Kent Huskins has signed a two year deal worth $1.7M per today. Courtesy of David Pollak:
2:10 p.m. — Nothing official from the Sharks, but TSN reports that defenseman Kent Huskins has been re-signed for two years at $1.7 million per year.
With the salary cap situation the way it is, one would have to assume a blueliner is on the move- there's no way San Jose can afford to pay Huskins that sort of money to serve as a 7. Brad Lukowich was disappointing after the first twenty games of the season, and freeing up his $1.56 M salary would go a long way towards getting San Jose's offseason back to a manageable level. Things look pretty cloudy as of 3 PM Wednesday.
As for Huskins, it's hard to analyze the validity of the deal considering he didn't play much with the team this season. At first glance however, I think Wilson is overpaying for a guy who is just coming off a $600 K contract and was injured for most of last season. The belief that DW tends to stay away from the overpayment frenzy of July 1st may come into question if Huskins struggles next season.
Recent Career (courtesy of Yahoo Sports)
|Career Totals (Full)||142||6||22||28||26||100||1||1||0||0||2||0||82||.073|
As Teas has mentioned in the comments, Huskins is a stay at home defenseman. His stat line from 2007-2008 shows as much, as Huskins notched a +23 during the regular season. How much of that was a product of being sheltered by Pronger and Niedermayer (i.e. seeing easier minutes against a lower class of forwards) is up for debate.
If Lukowich is moved it may be an upgrade in personnel, but the salary cap situation is still of primary concern.
[Update 7/2]: Arthur from Anaheim Calling has a very informative piece on Huskins. An excerpt follows:
As far as the price, I think he compares well with the 1.7M journeyman from this year: Marc Bergeron, Mathieu Dandenault, etc. When you consider he'll be taking the ice as 5th or 6th cheapest on a nightly basis, he's pretty solid at that price. He offers skating ability and experienced defensive-defense with the potential to use his 6'3" 215 lb frame more effectively. San Jose can find a first-contract guy with more upside, of course, but I don't think they want to take any risks going into another playoff run.
While I'm still not completely sold on paying Huskins $1.7 M per year considering his tenure in the NHL (three seasons), injury last year, and salary cap ramifications of the deal for San Jose, Arthur's analysis held my hand and guided me away from the ledge a bit.

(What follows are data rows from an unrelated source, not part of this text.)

text \<open>Vectors of C^n are functions nat => complex, only coordinates
  i < n (0-based) being relevant. A family {x_k}, k = 1..m, is a function
  x :: nat => nat => complex, with x k the k-th vector (0-based, k < m).
  Operators on C^n are n x n complex matrices T :: nat => nat => complex
  (entries T i j, i, j < n). Vectors of R^(n^2) are functions nat => real
  supported on {0..<n^2}.\<close>

definition cinner_n :: "nat \<Rightarrow> (nat \<Rightarrow> complex) \<Rightarrow> (nat \<Rightarrow> complex) \<Rightarrow> complex" where
  "cinner_n n u v = (\<Sum>i<n. u i * cnj (v i))"

definition cnorm2_n :: "nat \<Rightarrow> (nat \<Rightarrow> complex) \<Rightarrow> real" where
  "cnorm2_n n u = (\<Sum>i<n. (cmod (u i))\<^sup>2)"

definition is_frame :: "nat \<Rightarrow> nat \<Rightarrow> (nat \<Rightarrow> nat \<Rightarrow> complex) \<Rightarrow> bool" where
  "is_frame n m x \<longleftrightarrow> (\<exists>A B. 0 < A \<and> A \<le> B \<and>
     (\<forall>y. A * cnorm2_n n y \<le> (\<Sum>k<m. (cmod (cinner_n n y (x k)))\<^sup>2) \<and>
          (\<Sum>k<m. (cmod (cinner_n n y (x k)))\<^sup>2) \<le> B * cnorm2_n n y))"

definition mat_apply :: "nat \<Rightarrow> (nat \<Rightarrow> nat \<Rightarrow> complex) \<Rightarrow> (nat \<Rightarrow> complex) \<Rightarrow> (nat \<Rightarrow> complex)" where
  "mat_apply n T u = (\<lambda>i. \<Sum>j<n. T i j * u j)"

definition self_adjoint_n :: "nat \<Rightarrow> (nat \<Rightarrow> nat \<Rightarrow> complex) \<Rightarrow> bool" where
  "self_adjoint_n n T \<longleftrightarrow> (\<forall>i<n. \<forall>j<n. T i j = cnj (T j i))"

definition injective_family :: "nat \<Rightarrow> nat \<Rightarrow> (nat \<Rightarrow> nat \<Rightarrow> complex) \<Rightarrow> bool" where
  "injective_family n m x \<longleftrightarrow>
     (\<forall>T. self_adjoint_n n T \<longrightarrow> (\<forall>k<m. cinner_n n (mat_apply n T (x k)) (x k) = 0)
          \<longrightarrow> (\<forall>i<n. \<forall>j<n. T i j = 0))"

text \<open>Coordinates of x-tilde (0-based). The block belonging to index i starts at
  i*(2n-i); it contains |x_i|^2 followed by Re(conj x_i x_j), Im(conj x_i x_j), j = i+1..n-1.\<close>
definition diag_pos :: "nat \<Rightarrow> nat \<Rightarrow> nat" where
  "diag_pos n i = i * (2 * n - i)"

definition re_pos :: "nat \<Rightarrow> nat \<Rightarrow> nat \<Rightarrow> nat" where
  "re_pos n i j = diag_pos n i + 2 * (j - i) - 1"

definition im_pos :: "nat \<Rightarrow> nat \<Rightarrow> nat \<Rightarrow> nat" where
  "im_pos n i j = diag_pos n i + 2 * (j - i)"

definition xtilde :: "nat \<Rightarrow> (nat \<Rightarrow> complex) \<Rightarrow> nat \<Rightarrow> real" where
  "xtilde n u p = (\<Sum>i<n. (if p = diag_pos n i then (cmod (u i))\<^sup>2 else 0)
      + (\<Sum>j\<in>{i<..<n}. (if p = re_pos n i j then Re (cnj (u i) * u j) else 0)
                      + (if p = im_pos n i j then Im (cnj (u i) * u j) else 0)))"

definition spans_Rn2 :: "nat \<Rightarrow> nat \<Rightarrow> (nat \<Rightarrow> nat \<Rightarrow> real) \<Rightarrow> bool" where
  "spans_Rn2 n m v \<longleftrightarrow> (\<forall>w::nat \<Rightarrow> real. (\<forall>p\<ge>n^2. w p = 0) \<longrightarrow>
      (\<exists>c::nat \<Rightarrow> real. \<forall>p<n^2. w p = (\<Sum>k<m. c k * v k p)))"

end

(* A self-adjoint T on C^n corresponds to the real vector of R^(n^2) that carries Re T_ii at the
   position of |x_i|^2 and 2 Re T_ij, -2 Im T_ij (i < j) at the positions of Re (conj x_i x_j) and
   Im (conj x_i x_j); this correspondence is onto R^(n^2), and it turns <T x, x> into the Euclidean
   pairing with x-tilde. So the x_k are injective iff no nonzero vector of R^(n^2) is orthogonal to
   all x-tilde_k, and by the Gram matrix argument this means that the x-tilde_k span R^(n^2). *)

theory Submission
  imports Defs "Jordan_Normal_Form.Determinant"
begin

no_notation Finite_Cartesian_Product.vec_nth (infixl "$" 90)

lemma mult_mat_vec_surj_if_kernel_trivial:
  fixes A :: "'a :: field mat"
  assumes A: "A \<in> carrier_mat N N"
    and kernel: "\<And>z. z \<in> carrier_vec N \<Longrightarrow> A *\<^sub>v z = 0\<^sub>v N \<Longrightarrow> z = 0\<^sub>v N"
    and b: "b \<in> carrier_vec N"
  obtains z where "z \<in> carrier_vec N" "A *\<^sub>v z = b"
proof -
  have "det A \<noteq> 0"
    using det_0_iff_vec_prod_zero_field[OF A] kernel by auto
  then obtain B where B: "B \<in> carrier_mat N N" "A * B = 1\<^sub>m N"
    using det_non_zero_imp_unit[OF A, of "()"] by (auto simp: Units_def ring_mat_def)
  have "A *\<^sub>v (B *\<^sub>v b) = b"
    using A B b by (simp flip: assoc_mult_mat_vec)
  with B b show thesis
    using that by (meson mult_mat_vec_carrier)
qed

lemma span_if_orthogonal_complement_trivial:
  fixes v :: "nat \<Rightarrow> nat \<Rightarrow> real"
  assumes orth: "\<And>t. \<forall>k<m. (\<Sum>p<N. t p * v k p) = 0 \<Longrightarrow> \<forall>p<N. t p = 0"
  shows "\<exists>c. \<forall>p<N. w p = (\<Sum>k<m. c k * v k p)"
proof -
  define G :: "real mat" where "G = mat N N (\<lambda>(p, q). \<Sum>k<m. v k p * v k q)"
  have G: "G \<in> carrier_mat N N"
    unfolding G_def by simp
  have G_mult: "(G *\<^sub>v z) $ p = (\<Sum>k<m. (\<Sum>q<N. v k q * z $ q) * v k p)"
    if "p < N" "z \<in> carrier_vec N" for p z
    using that unfolding G_def
    by (simp add: scalar_prod_def row_def lessThan_atLeast0 sum_distrib_left sum_distrib_right
        mult_ac) (rule sum.swap)
  have kernel: "z = 0\<^sub>v N" if z: "z \<in> carrier_vec N" "G *\<^sub>v z = 0\<^sub>v N" for z
  proof -
    \<comment> \<open>\<open>z\<^sup>T G z\<close> is the sum of the squares of the pairings of \<open>z\<close> with the \<open>v k\<close>.\<close>
    have "(\<Sum>k<m. (\<Sum>p<N. z $ p * v k p)\<^sup>2)
        = (\<Sum>k<m. \<Sum>p<N. z $ p * ((\<Sum>q<N. v k q * z $ q) * v k p))"
      by (simp add: power2_eq_square sum_distrib_left sum_distrib_right mult_ac)
    also have "\<dots> = (\<Sum>p<N. \<Sum>k<m. z $ p * ((\<Sum>q<N. v k q * z $ q) * v k p))"
      by (rule sum.swap)
    also have "\<dots> = (\<Sum>p<N. z $ p * (G *\<^sub>v z) $ p)"
      using z(1) by (intro sum.cong) (simp_all add: G_mult sum_distrib_left)
    also have "\<dots> = 0"
      using z by simp
    finally have "\<forall>k<m. (\<Sum>p<N. z $ p * v k p) = 0"
      by (simp add: sum_nonneg_eq_0_iff)
    then have "\<forall>p<N. z $ p = 0"
      by (rule orth[of "\<lambda>p. z $ p"])
    with z show ?thesis
      by (intro eq_vecI) auto
  qed
  then obtain s where s: "s \<in> carrier_vec N" "G *\<^sub>v s = vec N w"
    using mult_mat_vec_surj_if_kernel_trivial[OF G kernel, of "vec N w"] by auto
  have "w p = (\<Sum>k<m. (\<Sum>q<N. v k q * s $ q) * v k p)" if "p < N" for p
  proof -
    have "w p = vec N w $ p"
      using that by simp
    also have "\<dots> = (G *\<^sub>v s) $ p"
      unfolding s(2) ..
    also have "\<dots> = (\<Sum>k<m. (\<Sum>q<N. v k q * s $ q) * v k p)"
      by (rule G_mult[OF that s(1)])
    finally show ?thesis .
  qed
  then show ?thesis
    by (intro exI[of _ "\<lambda>k. \<Sum>q<N. v k q * s $ q"]) blast
qed

lemma orthogonal_complement_trivial_if_span:
  fixes v :: "nat \<Rightarrow> nat \<Rightarrow> real"
  assumes span: "\<exists>c. \<forall>p<N. t p = (\<Sum>k<m. c k * v k p)"
    and orth: "\<forall>k<m. (\<Sum>p<N. t p * v k p) = 0"
  shows "\<forall>p<N. t p = 0"
proof -
  obtain c where c: "\<forall>p<N. t p = (\<Sum>k<m. c k * v k p)"
    using span by blast
  have "(\<Sum>p<N. (t p)\<^sup>2) = (\<Sum>p<N. t p * (\<Sum>k<m. c k * v k p))"
    using c by (intro sum.cong) (simp_all add: power2_eq_square)
  also have "\<dots> = (\<Sum>p<N. \<Sum>k<m. c k * (t p * v k p))"
    by (simp add: sum_distrib_left mult_ac)
  also have "\<dots> = (\<Sum>k<m. \<Sum>p<N. c k * (t p * v k p))"
    by (rule sum.swap)
  also have "\<dots> = (\<Sum>k<m. c k * (\<Sum>p<N. t p * v k p))"
    by (simp add: sum_distrib_left)
  also have "\<dots> = 0"
    using orth by simp
  finally show ?thesis
    by (simp add: sum_nonneg_eq_0_iff)
qed

lemma spans_Rn2_iff_orthogonal_complement_trivial:
  "spans_Rn2 n m v \<longleftrightarrow> (\<forall>t. (\<forall>k<m. (\<Sum>p<n\<^sup>2. t p * v k p) = 0) \<longrightarrow> (\<forall>p<n\<^sup>2. t p = 0))"
proof
  assume span: "spans_Rn2 n m v"
  show "\<forall>t. (\<forall>k<m. (\<Sum>p<n\<^sup>2. t p * v k p) = 0) \<longrightarrow> (\<forall>p<n\<^sup>2. t p = 0)"
  proof (rule allI, rule impI)
    fix t assume orth: "\<forall>k<m. (\<Sum>p<n\<^sup>2. t p * v k p) = 0"
    have "\<exists>c. \<forall>p<n\<^sup>2. t p = (\<Sum>k<m. c k * v k p)"
      using span[unfolded spans_Rn2_def, rule_format, of "\<lambda>p. if p < n\<^sup>2 then t p else 0"] by simp
    from this orth show "\<forall>p<n\<^sup>2. t p = 0"
      by (rule orthogonal_complement_trivial_if_span)
  qed
next
  assume orth: "\<forall>t. (\<forall>k<m. (\<Sum>p<n\<^sup>2. t p * v k p) = 0) \<longrightarrow> (\<forall>p<n\<^sup>2. t p = 0)"
  show "spans_Rn2 n m v"
    unfolding spans_Rn2_def
  proof (intro allI impI)
    fix w
    show "\<exists>c. \<forall>p<n\<^sup>2. w p = (\<Sum>k<m. c k * v k p)"
      by (rule span_if_orthogonal_complement_trivial) (use orth in blast)
  qed
qed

From the description he offers (as well as a conversation I had with my Ducks friend Joe), Huskins is not likely to be paired with Dan Boyle, as both players can be classified as "puck movers." This may cause a potential problem if Brad Lukowich is moved and a more defensive minded replacement is not brought in, but that's an issue I think we can put aside for now- it seems as if there are more pressing concerns at hand.
Thanks again Arthur.
[Update 7/2]: Digging through the BoC archives (always a treat), here's what Earl Sleek had to say about Huskins at the deadline:
Kent Huskins is a bit of a different story -- he was on the cup roster, but played a very depth role -- and that's probably where he belongs. Still, it's not hard to like Huskins (especially if you read Rudy's letter linked above) [Ed. Note: here is the link] so long as he's a bottom-pairing guy, which is assumedly where the Sharks would play him.
We're a bit spoiled in Anaheim when it comes to defenders, so maybe the bar is set a bit high, but still there was no disappointment in Huskins. He was solid enough in his sheltered minutes, and every once in a while he would pull off a spectacular 1-on-5 deke and stun the building (this is actually what I think of as "Huskins Time"). In terms of defenseman development, Huskins still feels pretty young -- he probably doesn't have the highest ceiling, but I think he's still improving.